## DATA PROVIDED
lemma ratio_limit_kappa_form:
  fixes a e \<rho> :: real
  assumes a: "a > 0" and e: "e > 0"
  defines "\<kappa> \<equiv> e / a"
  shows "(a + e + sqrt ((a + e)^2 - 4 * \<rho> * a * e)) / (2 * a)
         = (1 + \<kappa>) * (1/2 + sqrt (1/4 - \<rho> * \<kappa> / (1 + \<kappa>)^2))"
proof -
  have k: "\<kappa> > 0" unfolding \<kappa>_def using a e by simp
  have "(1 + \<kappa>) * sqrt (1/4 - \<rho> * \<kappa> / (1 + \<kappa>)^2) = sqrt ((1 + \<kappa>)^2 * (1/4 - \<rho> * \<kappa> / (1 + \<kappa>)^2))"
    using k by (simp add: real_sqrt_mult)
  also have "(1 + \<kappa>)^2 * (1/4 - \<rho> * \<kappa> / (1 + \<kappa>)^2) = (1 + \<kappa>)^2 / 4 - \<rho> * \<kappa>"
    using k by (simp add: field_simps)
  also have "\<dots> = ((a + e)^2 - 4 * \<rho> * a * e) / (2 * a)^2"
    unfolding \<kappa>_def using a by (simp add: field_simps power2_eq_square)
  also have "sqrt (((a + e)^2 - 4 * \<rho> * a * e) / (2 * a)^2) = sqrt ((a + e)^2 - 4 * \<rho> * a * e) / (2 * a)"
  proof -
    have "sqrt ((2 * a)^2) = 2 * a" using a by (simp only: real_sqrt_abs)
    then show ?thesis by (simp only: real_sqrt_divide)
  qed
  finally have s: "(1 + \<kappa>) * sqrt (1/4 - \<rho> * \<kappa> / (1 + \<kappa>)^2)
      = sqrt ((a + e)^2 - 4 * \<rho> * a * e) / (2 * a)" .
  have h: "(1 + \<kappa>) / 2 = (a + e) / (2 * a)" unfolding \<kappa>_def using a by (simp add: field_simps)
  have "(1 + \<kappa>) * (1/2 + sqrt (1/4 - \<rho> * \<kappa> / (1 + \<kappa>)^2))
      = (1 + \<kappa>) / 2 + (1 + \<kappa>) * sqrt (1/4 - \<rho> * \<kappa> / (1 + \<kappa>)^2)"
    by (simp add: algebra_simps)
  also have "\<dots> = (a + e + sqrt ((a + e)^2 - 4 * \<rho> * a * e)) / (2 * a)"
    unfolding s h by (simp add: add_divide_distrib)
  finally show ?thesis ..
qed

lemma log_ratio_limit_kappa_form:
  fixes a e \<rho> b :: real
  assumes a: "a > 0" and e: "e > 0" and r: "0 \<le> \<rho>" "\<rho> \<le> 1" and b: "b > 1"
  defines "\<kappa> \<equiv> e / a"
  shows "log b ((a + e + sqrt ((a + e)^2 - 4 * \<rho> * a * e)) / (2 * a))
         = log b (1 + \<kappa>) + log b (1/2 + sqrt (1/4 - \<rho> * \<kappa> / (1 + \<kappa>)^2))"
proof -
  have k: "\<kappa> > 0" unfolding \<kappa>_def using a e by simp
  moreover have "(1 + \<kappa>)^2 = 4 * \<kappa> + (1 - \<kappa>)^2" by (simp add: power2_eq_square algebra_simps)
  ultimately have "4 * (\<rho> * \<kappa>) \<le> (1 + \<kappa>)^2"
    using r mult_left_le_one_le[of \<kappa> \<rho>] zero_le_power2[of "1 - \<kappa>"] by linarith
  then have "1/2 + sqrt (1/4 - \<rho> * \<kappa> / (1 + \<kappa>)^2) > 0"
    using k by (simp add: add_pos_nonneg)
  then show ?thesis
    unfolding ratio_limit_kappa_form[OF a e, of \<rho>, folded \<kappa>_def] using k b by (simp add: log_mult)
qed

## EXERCISE REQUIREMENTS
Quote verbatim the line containing "b (1 + \<kappa>)" and every line after it through the end of the records above.

## SOLVED PROBLEM
         = log b (1 + \<kappa>) + log b (1/2 + sqrt (1/4 - \<rho> * \<kappa> / (1 + \<kappa>)^2))"
proof -
  have k: "\<kappa> > 0" unfolding \<kappa>_def using a e by simp
  moreover have "(1 + \<kappa>)^2 = 4 * \<kappa> + (1 - \<kappa>)^2" by (simp add: power2_eq_square algebra_simps)
  ultimately have "4 * (\<rho> * \<kappa>) \<le> (1 + \<kappa>)^2"
    using r mult_left_le_one_le[of \<kappa> \<rho>] zero_le_power2[of "1 - \<kappa>"] by linarith
  then have "1/2 + sqrt (1/4 - \<rho> * \<kappa> / (1 + \<kappa>)^2) > 0"
    using k by (simp add: add_pos_nonneg)
  then show ?thesis
    unfolding ratio_limit_kappa_form[OF a e, of \<rho>, folded \<kappa>_def] using k b by (simp add: log_mult)
qed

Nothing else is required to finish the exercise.